The glass panes for the windows came in mid-August, but every single one of them ended up cracked or broken due to being poorly packaged. Erik cursed blackly as he revealed the last frame, a massive crack running right down the middle of the pane.

"Well, this was a complete waste of money," he seethed.

Eilis came up next to him and waved her hand over the cracked glass. It immediately fused back together. She smiled up at his astonished face. "You're welcome," she said sweetly. Eilis was able to save nearly all of the windows. One had been smashed so badly that there was no point fixing it.

A bathtub came as well, an upgrade all the ladies were thrilled about. The bathroom was tiled and grouted before the tub was installed. A drain emptied out into the yard, where it dribbled down a dug, stone-lined trench that flowed away from the house.
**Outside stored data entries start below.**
lemma CS_RP_conditions:
  assumes "0 < m"
  shows "RP_conditions (measure_pmf (CS_space m n)) m n CS_matrix 1"
proof -
  let ?E = "measure_pmf.expectation (CS_space m n)"
  note columns = expectation_CS_columns[OF assms, where n = n]
  show ?thesis
    unfolding RP_conditions_def CS_matrix_eq_sketch_entry
  proof (intro conjI allI impI)
    fix k i assume "k < m" "i < n"
    show "integrable (CS_space m n) (\<lambda>w. sketch_entry k (w i) ^ 4)"
      using assms by (auto simp: CS_space_def set_Pi_pmf set_pmf_of_set lessThan_empty_iff
          intro!: integrable_measure_pmf_finite finite_PiE_dflt)
    show "?E (\<lambda>w. sketch_entry k (w i)) = 0"
      using columns[where S = "{i}" and g = "\<lambda>_. sketch_entry k"] expectation_sketch_entry
        \<open>k < m\<close> \<open>i < n\<close>
      by simp
    show "?E (\<lambda>w. sketch_entry k (w i) ^ 2) = 1 / real m"
      using columns[where S = "{i}" and g = "\<lambda>_ v. sketch_entry k v ^ 2"]
        expectation_sketch_entry_power[of k m 2] \<open>k < m\<close> \<open>i < n\<close>
      by simp
    show "?E (\<lambda>w. sketch_entry k (w i) ^ 4) \<le> 1 / real m"
      using columns[where S = "{i}" and g = "\<lambda>_ v. sketch_entry k v ^ 4"]
        expectation_sketch_entry_power[of k m 4] \<open>k < m\<close> \<open>i < n\<close>
      by simp
  next
    fix k i j assume "k < m" "i < n" "j < n" "i \<noteq> j"
    then show "?E (\<lambda>w. sketch_entry k (w i) * sketch_entry k (w j)) = 0"
      using columns[where S = "{i, j}" and g = "\<lambda>_. sketch_entry k"] expectation_sketch_entry
      by simp
    show "?E (\<lambda>w. sketch_entry k (w i) ^ 2 * sketch_entry k (w j) ^ 2) = 1 / (real m)^2"
      using columns[where S = "{i, j}" and g = "\<lambda>_ v. sketch_entry k v ^ 2"]
        expectation_sketch_entry_power[of k m 2]
        \<open>k < m\<close> \<open>i < n\<close> \<open>j < n\<close> \<open>i \<noteq> j\<close>
      by (simp add: power2_eq_square[of "real m"])
  next
    fix k l i j p q assume "k < m" "l < m" "i < n" "j < n" "p < n" "q < n"
      and "k \<noteq> l" "i \<noteq> j" "p \<noteq> q"
    then show "?E (\<lambda>w. sketch_entry k (w i) * sketch_entry k (w j)
        * sketch_entry l (w p) * sketch_entry l (w q)) = 0"
      using expectation_CS_two_rows[OF assms] by simp
  qed
qed
(* Under the multi-view latent factor model described in the context, let $\eta(x)=\mathbb{P}(Y=1\mid X=x)$ be the regression function of the label on a single view, and let $f^\ast(x)=1$ if $\eta(x)\ge 1/2$ and $f^\ast(x)=-1$ otherwise be the Bayes classification rule. Then there exist functions $\tilde\eta$ and $\tilde f^\ast$ on $\mathbb{R}^K$ such that $\eta(x)=\tilde\eta(U^Tx)$ and $f^\ast(x)=\tilde f^\ast(U^Tx)$ for all $x$.
   Context: Multi-view latent factor model: a sample consists of a latent vector $Z\in\mathbb{R}^K$, a label $Y\in\{-1,1\}$, and views $X\in\mathbb{R}^d$. The pair $(Z,Y)$ is drawn from a distribution $\pi(Z,Y)$ such that the conditional distribution of $Z$ given $Y$ has a density. Given $Z$, the views are drawn independently from a continuous conditional distribution $f(X\mid Z)$ of factor form $X=BZ+\epsilon$, where $B=(b_1,\dots,b_K)\in\mathbb{R}^{d\times K}$, $\epsilon$ is a mean-zero random vector independent of $Z$ (independent across views and samples), $B^TB=\Lambda=\mathrm{diag}(\lambda_1,\dots,\lambda_K)$ with $\lambda_1\ge\dots\ge\lambda_K>0$, $\mathrm{Var}(Z)=I_K$, and $(I_d-B(B^TB)^{-1}B^T)\epsilon$ is independent of $B^T\epsilon$. The label $Y$ is conditionally independent of the views given $Z$. Write $U=B\Lambda^{-1/2}$. *)

theory Defs
  imports "HOL-Probability.Probability"
begin

definition indep_rv ::
  "'a measure \<Rightarrow> ('a \<Rightarrow> 'b::topological_space) \<Rightarrow> ('a \<Rightarrow> 'c::topological_space) \<Rightarrow> bool" where
  "indep_rv M X1 X2 \<longleftrightarrow>
     (\<forall>A \<in> sets borel. \<forall>C \<in> sets borel.
        measure M {\<omega>\<in>space M. X1 \<omega> \<in> A \<and> X2 \<omega> \<in> C}
        = measure M {\<omega>\<in>space M. X1 \<omega> \<in> A} * measure M {\<omega>\<in>space M. X2 \<omega> \<in> C})"
(* Let $J=JCK(Z,\delta)$. Then $\dim_{\mathbb F}\mathrm{Inder}(J)=\dim_{\mathbb F}J=8\dim_{\mathbb F}Z$ (dimensions as cardinals).
   Context: Let $\mathbb F$ be a field of characteristic $\neq 2$, $Z$ a unital commutative associative $\mathbb F$-algebra, and $\delta$ a derivation of $Z$ such that $Z\delta(Z)=Z$ (the $\mathbb F$-span of all products $f\delta(g)$, $f,g\in Z$, is $Z$). The Cheng-Kac Jordan superalgebra $J=JCK(Z,\delta)=J_{\bar0}\oplus J_{\bar1}$ is defined as follows: $J_{\bar0}=Z1\oplus Zw_1\oplus Zw_2\oplus Zw_3$ and $J_{\bar1}=Zx\oplus Zx_1\oplus Zx_2\oplus Zx_3$ are free $Z$-modules of rank 4; $J_{\bar0}$ is the $Z$-algebra $(\mathbb F1\oplus\mathbb Fw_1\oplus\mathbb Fw_2\oplus\mathbb Fw_3)\otimes_{\mathbb F}Z$ with $1$ the identity, $w_1^2=w_2^2=1$, $w_3^2=-1$, $w_iw_j=0$ for $i\ne j$. For $f,g\in Z$ and $i,j\in\{1,2,3\}$ the remaining products are: $f(gx)=(fg)x$, $f(gx_j)=(fg)x_j$, $(fw_i)(gx)=(\delta(f)g)x_i$, $(fw_i)(gx_j)=-(fg)x_{i\times j}$, $(fx)(gx)=\delta(f)g-f\delta(g)$, $(fx)(gx_j)=-(fg)w_j$, $(fx_i)(gx)=(fg)w_i$, $(fx_i)(gx_j)=0$, extended by supercommutativity ($ab=(-1)^{|a||b|}ba$), where $x_{1\times2}=-x_{2\times1}=x_3$, $x_{1\times3}=-x_{3\times1}=x_2$, $x_{3\times2}=-x_{2\times3}=x_1$, $x_{i\times i}=0$. $D(a,b)$ is the map $c\mapsto a(bc)-(-1)^{|a||b|}b(ac)$, and $\mathrm{Inder}(J)$ is the span of all $D(a,b)$, $a,b\in J$ homogeneous. *)

theory Defs
  imports Complex_Main "HOL-Library.Function_Algebras" "HOL-Library.Equipollence"
begin

text \<open>Basis of JCK(Z,delta) as a free Z-module of rank 8:
  E1 = 1, W1 W2 W3 (even), X X1 X2 X3 (odd).  An element of J is its
  coefficient function idx => Z.\<close>

datatype idx = E1 | W1 | W2 | W3 | X | X1 | X2 | X3

definition idxs :: "idx set" where
  "idxs = {E1, W1, W2, W3, X, X1, X2, X3}"

definition odd_idx :: "idx \<Rightarrow> bool" where
  "odd_idx k \<longleftrightarrow> k \<in> {X, X1, X2, X3}"

definition sv :: "idx \<Rightarrow> 'z::zero \<Rightarrow> idx \<Rightarrow> 'z" where
  "sv k z = (\<lambda>j. if j = k then z else 0)"

text \<open>bp d p f q g = (f e_p)(g e_q), as a coefficient vector.\<close>
fun bp :: "('z::comm_ring_1 \<Rightarrow> 'z) \<Rightarrow> idx \<Rightarrow> 'z \<Rightarrow> idx \<Rightarrow> 'z \<Rightarrow> idx \<Rightarrow> 'z" where
  "bp d E1 f q g = sv q (f * g)"
| "bp d p f E1 g = sv p (f * g)"
| "bp d W1 f W1 g = sv E1 (f * g)"
| "bp d W2 f W2 g = sv E1 (f * g)"
| "bp d W3 f W3 g = sv E1 (- (f * g))"
| "bp d W1 f X g = sv X1 (d f * g)"
| "bp d W2 f X g = sv X2 (d f * g)"
| "bp d W3 f X g = sv X3 (d f * g)"
| "bp d X f W1 g = sv X1 (d g * f)"
| "bp d X f W2 g = sv X2 (d g * f)"
| "bp d X f W3 g = sv X3 (d g * f)"
| "bp d W1 f X2 g = sv X3 (- (f * g))"
| "bp d W2 f X1 g = sv X3 (f * g)"
| "bp d W1 f X3 g = sv X2 (- (f * g))"
| "bp d W3 f X1 g = sv X2 (f * g)"
| "bp d W3 f X2 g = sv X1 (- (f * g))"
| "bp d W2 f X3 g = sv X1 (f * g)"
| "bp d X2 f W1 g = sv X3 (- (f * g))"
| "bp d X1 f W2 g = sv X3 (f * g)"
| "bp d X3 f W1 g = sv X2 (- (f * g))"
| "bp d X1 f W3 g = sv X2 (f * g)"
| "bp d X2 f W3 g = sv X1 (- (f * g))"
| "bp d X3 f W2 g = sv X1 (f * g)"
| "bp d X f X g = sv E1 (d f * g - f * d g)"
| "bp d X f X1 g = sv W1 (- (f * g))"
| "bp d X f X2 g = sv W2 (- (f * g))"
| "bp d X f X3 g = sv W3 (- (f * g))"
| "bp d X1 f X g = sv W1 (f * g)"
| "bp d X2 f X g = sv W2 (f * g)"
| "bp d X3 f X g = sv W3 (f * g)"
| "bp d p f q g = (\<lambda>_. 0)"

definition jmult :: "('z::comm_ring_1 \<Rightarrow> 'z) \<Rightarrow> (idx \<Rightarrow> 'z) \<Rightarrow> (idx \<Rightarrow> 'z) \<Rightarrow> (idx \<Rightarrow> 'z)" where
  "jmult d a c = (\<lambda>k. \<Sum>p\<in>idxs. \<Sum>q\<in>idxs. bp d p (a p) q (c q) k)"

definition is_even_el :: "(idx \<Rightarrow> 'z::zero) \<Rightarrow> bool" where
  "is_even_el a \<longleftrightarrow> (\<forall>k. odd_idx k \<longrightarrow> a k = 0)"

definition is_odd_el :: "(idx \<Rightarrow> 'z::zero) \<Rightarrow> bool" where
  "is_odd_el a \<longleftrightarrow> (\<forall>k. \<not> odd_idx k \<longrightarrow> a k = 0)"

definition homog :: "(idx \<Rightarrow> 'z::zero) \<Rightarrow> bool" where
  "homog a \<longleftrightarrow> is_even_el a \<or> is_odd_el a"

text \<open>D(a,b)(c) = a(bc) - (-1)^{|a||b|} b(ac).  (For a = 0 or b = 0 the
  choice of parity is irrelevant since D vanishes.)\<close>
definition Dop :: "('z::comm_ring_1 \<Rightarrow> 'z) \<Rightarrow> (idx \<Rightarrow> 'z) \<Rightarrow> (idx \<Rightarrow> 'z) \<Rightarrow> (idx \<Rightarrow> 'z) \<Rightarrow> (idx \<Rightarrow> 'z)" where
  "Dop d a b = (\<lambda>c. if is_odd_el a \<and> is_odd_el b
                     then jmult d a (jmult d b c) + jmult d b (jmult d a c)
                     else jmult d a (jmult d b c) - jmult d b (jmult d a c))"

definition scJ :: "('a \<Rightarrow> 'z \<Rightarrow> 'z) \<Rightarrow> 'a \<Rightarrow> (idx \<Rightarrow> 'z) \<Rightarrow> (idx \<Rightarrow> 'z)" where
  "scJ s c v = (\<lambda>k. s c (v k))"

definition scE :: "('a \<Rightarrow> 'z \<Rightarrow> 'z) \<Rightarrow> 'a \<Rightarrow> ((idx \<Rightarrow> 'z) \<Rightarrow> (idx \<Rightarrow> 'z))
                    \<Rightarrow> ((idx \<Rightarrow> 'z) \<Rightarrow> (idx \<Rightarrow> 'z))" where
  "scE s c \<phi> = (\<lambda>v. scJ s c (\<phi> v))"

definition Inder :: "('a::field \<Rightarrow> 'z::comm_ring_1 \<Rightarrow> 'z) \<Rightarrow> ('z \<Rightarrow> 'z)
                     \<Rightarrow> ((idx \<Rightarrow> 'z) \<Rightarrow> (idx \<Rightarrow> 'z)) set" where
  "Inder s d = module.span (scE s) {Dop d a b | a b. homog a \<and> homog b}"

definition is_basis_of :: "('a::field \<Rightarrow> 'v::ab_group_add \<Rightarrow> 'v) \<Rightarrow> 'v set \<Rightarrow> 'v set \<Rightarrow> bool" where
  "is_basis_of s V B \<longleftrightarrow> B \<subseteq> V \<and> \<not> module.dependent s B \<and> module.span s B = V"

end

theory Submission
  imports Defs "HOL-Algebra.Free_Abelian_Groups"
begin

(* For every basis index k of J and u in Z we fix one "normal generator"
   Dgen k u = D(u e_p, e_q) (a suitable pair p, q of basis elements), and put
   Phi(v) = sum_k Dgen k (v_k), an F-linear map J -> End(J).  Hence the range of Phi is exactly Inder(J).
   (4) Phi is injective: evaluating Phi(v) on basis elements isolates each coefficient;
       for the coefficient of 1 one gets 2 v_1 delta(Z) = 0, so v_1 = 0 since char F <> 2
       and Z delta(Z) = Z.
   (5) The sets {c e_k | c in C} for an F-basis C of Z form an F-basis of J.
   The theorem then follows by comparing the bases B, Phi(BJ), BJ and {c e_k}. *)

section \<open>Independent sets with equal spans are equipotent\<close>

context vector_space begin

lemma in_span_finite_subset:
  assumes "a \<in> span S" shows "\<exists>T. finite T \<and> T \<subseteq> S \<and> a \<in> span T"
proof -
  obtain t r where t: "a = (\<Sum>x\<in>t. r x *s x)" "finite t" "t \<subseteq> S"
    using assms unfolding span_explicit by blast
  have "a \<in> span t" unfolding t(1) by (intro span_sum span_scale span_base)
  with t show ?thesis by blast
qed

text \<open>In the infinite case, \<open>A\<close> is covered by the
  finite sets \<open>A \<inter> span T\<close>, \<open>T\<close> a finite subset of \<open>S\<close>.\<close>
lemma indep_lepoll_span:
  assumes ind: "independent A" and sub: "A \<subseteq> span S"
  shows "A \<lesssim> S"
proof (cases "finite S")
  case True
  have "finite A \<and> card A \<le> card S" by (rule independent_span_bound[OF True ind sub])
  with True show ?thesis by (simp add: lepoll_iff_card_le)
next
  case False
  have cover: "A \<subseteq> (\<Union>T\<in>Fpow S. A \<inter> span T)"
  proof
    fix a assume "a \<in> A"
    with sub have "a \<in> span S" by blast
    then obtain T where T: "finite T" "T \<subseteq> S" "a \<in> span T"
      using in_span_finite_subset by blast
    then have "T \<in> Fpow S" by (simp add: Fpow_def)
    with T(3) \<open>a \<in> A\<close> show "a \<in> (\<Union>T\<in>Fpow S. A \<inter> span T)" by blast
  qed
  have pieces: "\<forall>T\<in>Fpow S. |A \<inter> span T| \<le>o |S|"
  proof
    fix T assume "T \<in> Fpow S"
    then have "finite T" by (simp add: Fpow_def)
    moreover have "independent (A \<inter> span T)" using ind by (rule independent_mono) simp
    ultimately have "finite (A \<inter> span T)" using independent_span_bound by simp
    then show "|A \<inter> span T| \<le>o |S|" using False by (rule ordLeq3_finite_infinite)
  qed
  have "|Fpow S| \<le>o |S|"
    using eqpoll_Fpow[OF False] by (simp add: eqpoll_iff_card_of_ordIso ordIso_iff_ordLeq)
  then have "|\<Union>T\<in>Fpow S. A \<inter> span T| \<le>o |S|"
    by (rule card_of_UNION_ordLeq_infinite[OF False _ pieces])
  with card_of_mono1[OF cover] have "|A| \<le>o |S|" by (rule ordLeq_transitive)
  then show ?thesis unfolding lepoll_def card_of_ordLeq[symmetric] by blast
qed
Bed frames had been ordered from the village, and mattresses ordered from a vendor in Mazandaran. They arrived in late September. Everyone was finally sleeping off the floor, much to everyone's relief.

Eilis was busy cutting cloth into diapers, making woolen socks and booties, and hats for her baby as the weather began to turn. She had made a couple of blankets and pillows for the crib; she repurposed clothes she no longer wore from the wardrobe she'd had at the palace. She kept some of those clothes, remembering she would return to normal size after she gave birth. From a beautiful pair of yellow silk pajamas, she made a few onesies and tiny pairs of pants of a couple of different sizes. Laleh helped her perfect her stitching.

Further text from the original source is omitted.